The Pakistan Stock Exchange’s (PSX) benchmark KSE-100 Index concluded the day at 124,093.12, registering a decline of 259.56 points, or 0.21%, from its previous close of 124,352.68. During the trading session, the index had ascended to an intraday high of 126,718.28, marking an increase of 2,365.6 points, or 1.9%, and successfully breaching the 126,000 points threshold. Conversely, the index also touched a low of 123,846.55, reflecting a fall of 506.13 points, or 0.41%.
Ahfaz Mustafa, CEO of Ismail Iqbal Securities, commented, “The market has been rallying for the last few sessions due to budget expectations. A mute budget which stays the path on consolidation and keeps continuity gives certainty to the market.” He further added, “This along with remarks by the finance minister for further rate cuts is fuelling the market.”
Remittances to Pakistan saw a significant surge in May, reaching $3.7 billion, which marks the second-highest monthly inflow on record. This figure represents a 16% increase over April and a 13.7% rise compared to May of the previous year. Cumulative inflows for the first 11 months of FY25 amounted to $34.9 billion, an impressive 28.8% increase from $27.1 billion recorded in the corresponding period of FY24.

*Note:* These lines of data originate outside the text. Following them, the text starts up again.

text \<open>Against random labels every learner errs with probability \<open>1/2\<close> in every round.\<close>

lemma cube_sum_exp_mistakes:
  assumes "adaptive_adversary n S"
  shows "cube_sum n (\<lambda>ys. exp_mistakes A hist (S ys)) = 2 ^ n * n / 2"
  using assms
proof (induction n arbitrary: S hist)
  case (Suc n)
  obtain x where x: "\<And>y ys. length ys = n \<Longrightarrow> S (y # ys) = (x, y) # tl (S (y # ys))"
    and adv: "\<And>y. adaptive_adversary n (\<lambda>ys. tl (S (y # ys)))"
    using Suc.prems by auto
  let ?a = "A hist x" and ?c = "2 ^ n * real n / 2"
  have branch: "cube_sum n (\<lambda>ys. exp_mistakes A hist (S (y # ys)))
      = ?a * (2 ^ n * (if y then 0 else 1) + ?c) + (1 - ?a) * (2 ^ n * (if y then 1 else 0) + ?c)" for y
  proof -
    let ?S' = "\<lambda>ys. tl (S (y # ys))"
    have "cube_sum n (\<lambda>ys. exp_mistakes A hist (S (y # ys)))
        = cube_sum n (\<lambda>ys. ?a * ((if y then 0 else 1) + exp_mistakes A (hist @ [(x, True, Some y)]) (?S' ys))
            + (1 - ?a) * ((if y then 1 else 0) + exp_mistakes A (hist @ [(x, False, None)]) (?S' ys)))"
      by (rule cube_sum_cong) (subst x, simp_all)
    also have "\<dots> = ?a * (2 ^ n * (if y then 0 else 1) + ?c) + (1 - ?a) * (2 ^ n * (if y then 1 else 0) + ?c)"
      by (simp only: cube_sum_add cube_sum_cmult cube_sum_const Suc.IH[OF adv])
    finally show ?thesis .
  qed
  have "cube_sum (Suc n) (\<lambda>ys. exp_mistakes A hist (S ys))
      = cube_sum n (\<lambda>ys. exp_mistakes A hist (S (True # ys)))
        + cube_sum n (\<lambda>ys. exp_mistakes A hist (S (False # ys)))"
    by simp
  also have "\<dots> = 2 ^ n + 2 * ?c"
    unfolding branch by (simp add: algebra_simps)
  finally show ?case by (simp add: field_simps)
qed simp

definition majority :: "bool list \<Rightarrow> bool" where
  "majority zs \<longleftrightarrow> length zs \<le> 2 * count_list zs True"

definition minority_count :: "bool list \<Rightarrow> nat" where
  "minority_count zs = count_list zs (\<not> majority zs)"

lemma count_list_True_add_False: "count_list zs True + count_list zs False = length zs"
  by (induction zs) auto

Analysts attributed this growth to the economic recovery supported by the IMF, enhanced exchange rate stability, and structural improvements within the banking system, which collectively encouraged overseas Pakistanis to utilize more formal channels for remittances. The notable spike in May was also linked to Eid-related transfers intended for the purchase of sacrificial animals.
In Wednesday’s auction of Market Treasury Bills, the government successfully raised Rs853 billion, marginally falling short of its Rs900 billion target, amidst total bids amounting to Rs2,992 billion. Cut-off yields demonstrated a decline across all tenors: the one-month yield decreased by 1 basis point (bps) to 11.09%, the three-month by 10 bps to 11.05%, the six-month by 22 bps to 10.97%, and the 12-month by 25 bps to 10.95%.
On Wednesday, the KSE-100 Index had experienced a substantial surge of 2,328.24 points, or 1.91%, closing at a record high of 124,352.68. The day’s high and low figures stood at 124,588.17 and 123,237.99 respectively, as the market reacted positively to the continuation of the capital gains tax policy and broader fiscal discipline measures.